Susan, this incredibly long URL should link to a 1770-1780 chintz caraco jacket and petticoat in the collection of the V&A. This one has a fitted back, but I've also seen sack-back caracos. You will notice that both caraco and petticoat are made from the same chintz. A caraco and petticoat would never be worn as full dress or even half dress, while the striped dress could be worn on occasions that required dressing up.

http://collections.vam.ac.uk/indexplus/result.html?_IXSESSION_=YmwufBksM2V&submit-button=SUMMARY&_IXIMAGE_=2006AJ9985&_IXSS_=_IXFIRST_%253d1%252526_IXINITSR_%253dy%252526%252524%25253dIXID%253d%252526_IXACTION_%253dquery%252526%252524%25253dIXOBJECT%253d%252526_IXMAXHITS_%253d15%252526%25252asform%253dvanda%252526%252524%25253dIXNAME%253d%252526_IXSESSION_%253dYmwufBksM2V%252526%252524%25253dIXPLACE%253d%252526_IXadv_%253d0%252526search%253dsearch%252526%252524%25253dIXMATERIAL%253d%252526%252524%25253ds%253dcaraco%252526%252524%25253dop%253dAND%252526_IXFPFX_%253dtemplates%25252ft%252526%252524%25253dsi%253dtext%252526%252524%25253dIXFROM%253d%252526%252524%25253dIXTO%253d%252526%252524%25253ddelflag%253dy&_IXSR_=JbNh1Og4XUm&_IXFIRST_=1&_IXMAXHITS_=1&_IXSPFX_=templates/t&_IXFPFX_=templates/t

Maybe you were thinking of the pierrot jacket.

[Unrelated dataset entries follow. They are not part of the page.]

lemma chebyshev_rec_hyperbolic_growth:
  assumes "\<rho> + \<mu> = t" "\<rho> * \<mu> = 1" "1 < \<bar>\<rho>\<bar>" "chebyshev_rec t a" "a 1 \<noteq> \<mu> * a 0"
  obtains c1 c2 where "0 < c1" "\<forall>\<^sub>F n in sequentially. c1 * \<bar>\<rho>\<bar> ^ n \<le> \<bar>a n\<bar> \<and> \<bar>a n\<bar> \<le> c2 * \<bar>\<rho>\<bar> ^ n"
proof -
  have "\<bar>\<mu>\<bar> < 1"
    using assms(2,3) by (rule mult_eq_1_imp_abs_less_1)
  then have "\<rho> \<noteq> \<mu>"
    using assms(3) by auto
  define \<alpha> where "\<alpha> = (a 1 - \<mu> * a 0) / (\<rho> - \<mu>)"
  define \<beta> where "\<beta> = (\<rho> * a 0 - a 1) / (\<rho> - \<mu>)"
  have "\<alpha> \<noteq> 0"
    using assms(5) \<open>\<rho> \<noteq> \<mu>\<close> by (simp add: \<alpha>_def)
  have an: "a n = \<alpha> * \<rho> ^ n + \<beta> * \<mu> ^ n" for n
    unfolding \<alpha>_def \<beta>_def by (rule chebyshev_rec_hyperbolic_closed_form[OF assms(1,2) \<open>\<rho> \<noteq> \<mu>\<close> assms(4)])
  have \<mu>n: "\<bar>\<beta> * \<mu> ^ n\<bar> \<le> \<bar>\<beta>\<bar>" for n
    using \<open>\<bar>\<mu>\<bar> < 1\<close> by (simp add: abs_mult power_abs mult_left_le power_le_one)
  show ?thesis
  proof (rule that)
    show "0 < \<bar>\<alpha>\<bar> / 2"
      using \<open>\<alpha> \<noteq> 0\<close> by simp
    show "\<forall>\<^sub>F n in sequentially. \<bar>\<alpha>\<bar> / 2 * \<bar>\<rho>\<bar> ^ n \<le> \<bar>a n\<bar> \<and> \<bar>a n\<bar> \<le> (\<bar>\<alpha>\<bar> + \<bar>\<beta>\<bar>) * \<bar>\<rho>\<bar> ^ n"
      using eventually_ge_power[OF assms(3), of "max 1 (2 * \<bar>\<beta>\<bar> / \<bar>\<alpha>\<bar>)"]
    proof eventually_elim
      case (elim n)
      then have "\<bar>\<beta>\<bar> \<le> \<bar>\<alpha>\<bar> / 2 * \<bar>\<rho>\<bar> ^ n" "\<bar>\<beta>\<bar> \<le> \<bar>\<beta>\<bar> * \<bar>\<rho>\<bar> ^ n"
        using \<open>\<alpha> \<noteq> 0\<close> mult_left_mono[of 1 "\<bar>\<rho>\<bar> ^ n" "\<bar>\<beta>\<bar>"] by (simp_all add: field_simps)
      moreover have "\<bar>\<alpha> * \<rho> ^ n\<bar> = \<bar>\<alpha>\<bar> * \<bar>\<rho>\<bar> ^ n"
        by (simp add: abs_mult power_abs)
      ultimately show ?case
        using \<mu>n[of n] abs_triangle_ineq[of "\<alpha> * \<rho> ^ n" "\<beta> * \<mu> ^ n"]
          abs_triangle_ineq2[of "\<alpha> * \<rho> ^ n" "- \<beta> * \<mu> ^ n"]
        by (simp add: an algebra_simps)
    qed
  qed
qed

lemma chebyshev_rec_ln_growth_elliptic:
  assumes t: "\<bar>t\<bar> \<le> 2" and rec: "chebyshev_rec t a"
    and S: "\<And>n. 1 \<le> S n" "\<And>n. S n \<le> \<bar>a n\<bar> + 1"
  shows "(\<lambda>n. ln (S n) / real (Suc n)) \<longlonglongrightarrow> 0"
proof (rule ln_growth_rate_polynomial[OF S(1)])
  define K where "K = \<bar>a 0\<bar> + sqrt (sl2_form t (a 1) (a 0)) + 1"
  fix n
  have "S n \<le> \<bar>a 0\<bar> + real n * sqrt (sl2_form t (a 1) (a 0)) + 1"
    using S(2)[of n] chebyshev_rec_linear_growth[OF t rec, of n] by linarith
  also have "\<dots> \<le> K * real (Suc n)"
    using sl2_form_nonneg[OF t] by (simp add: K_def algebra_simps)
  finally show "S n \<le> K * real (Suc n)" .
qed

lemma chebyshev_rec_ln_growth_hyperbolic:
  assumes rm: "\<rho> + \<mu> = t" "\<rho> * \<mu> = 1" "1 < \<bar>\<rho>\<bar>" and rec: "chebyshev_rec t a" "a 1 \<noteq> \<mu> * a 0"
    and S: "\<And>n. \<bar>a n\<bar> \<le> 2 * S n" "\<And>n. S n \<le> \<bar>a n\<bar> + 1"
  shows "(\<lambda>n. ln (S n) / real (Suc n)) \<longlonglongrightarrow> ln \<bar>\<rho>\<bar>"
proof -
  obtain c1 c2 where c: "0 < c1"
    "\<forall>\<^sub>F n in sequentially. c1 * \<bar>\<rho>\<bar> ^ n \<le> \<bar>a n\<bar> \<and> \<bar>a n\<bar> \<le> c2 * \<bar>\<rho>\<bar> ^ n"
    using chebyshev_rec_hyperbolic_growth[OF rm rec] .
  show ?thesis
  proof (rule ln_growth_rate_of_comparable)
    show "\<forall>\<^sub>F n in sequentially. c1 / 2 * \<bar>\<rho>\<bar> ^ n \<le> S n \<and> S n \<le> (c2 + 1) * \<bar>\<rho>\<bar> ^ n"
      using c(2)
    proof eventually_elim
      case (elim n)
      have "1 \<le> \<bar>\<rho>\<bar> ^ n"
        using rm(3) by simp
      then show ?case
        using elim S(1,2)[of n] by (simp add: algebra_simps)
    qed
  qed (use c(1) rm(3) in auto)
qed

section \<open>Traces along excursions\<close>

text \<open>The traces \<open>tr (G B\<^sup>k)\<close> are \<open>a \<rho>\<^sup>k + b \<mu>\<^sup>k\<close> with \<open>a \<noteq> 0\<close>.\<close>

definition full_trace_growth :: "real^2^2 \<Rightarrow> real^2^2 \<Rightarrow> bool" where
  "full_trace_growth G B \<longleftrightarrow>
     (\<exists>\<rho> \<mu>. \<rho> + \<mu> = trace B \<and> \<rho> * \<mu> = 1 \<and> 1 < \<bar>\<rho>\<bar> \<and> trace (G ** B) \<noteq> \<mu> * trace G)"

That was indeed worn around 1790 and it is short, sometimes with a little tail jutting out at the back of the waist. There's a very nice example in the Kyoto Fashion Book (if you have that) on p. 120-121. This is the best one I could find on the net:

http://antique-lace.com/date1/1720/1720.htm

The Kyoto book also has a sack-back caraco on p. 95.

Anonymous said...

Referring back to the fabric of the gowns. The blue stripe is silk, and the floral is cotton. I work with the ladies.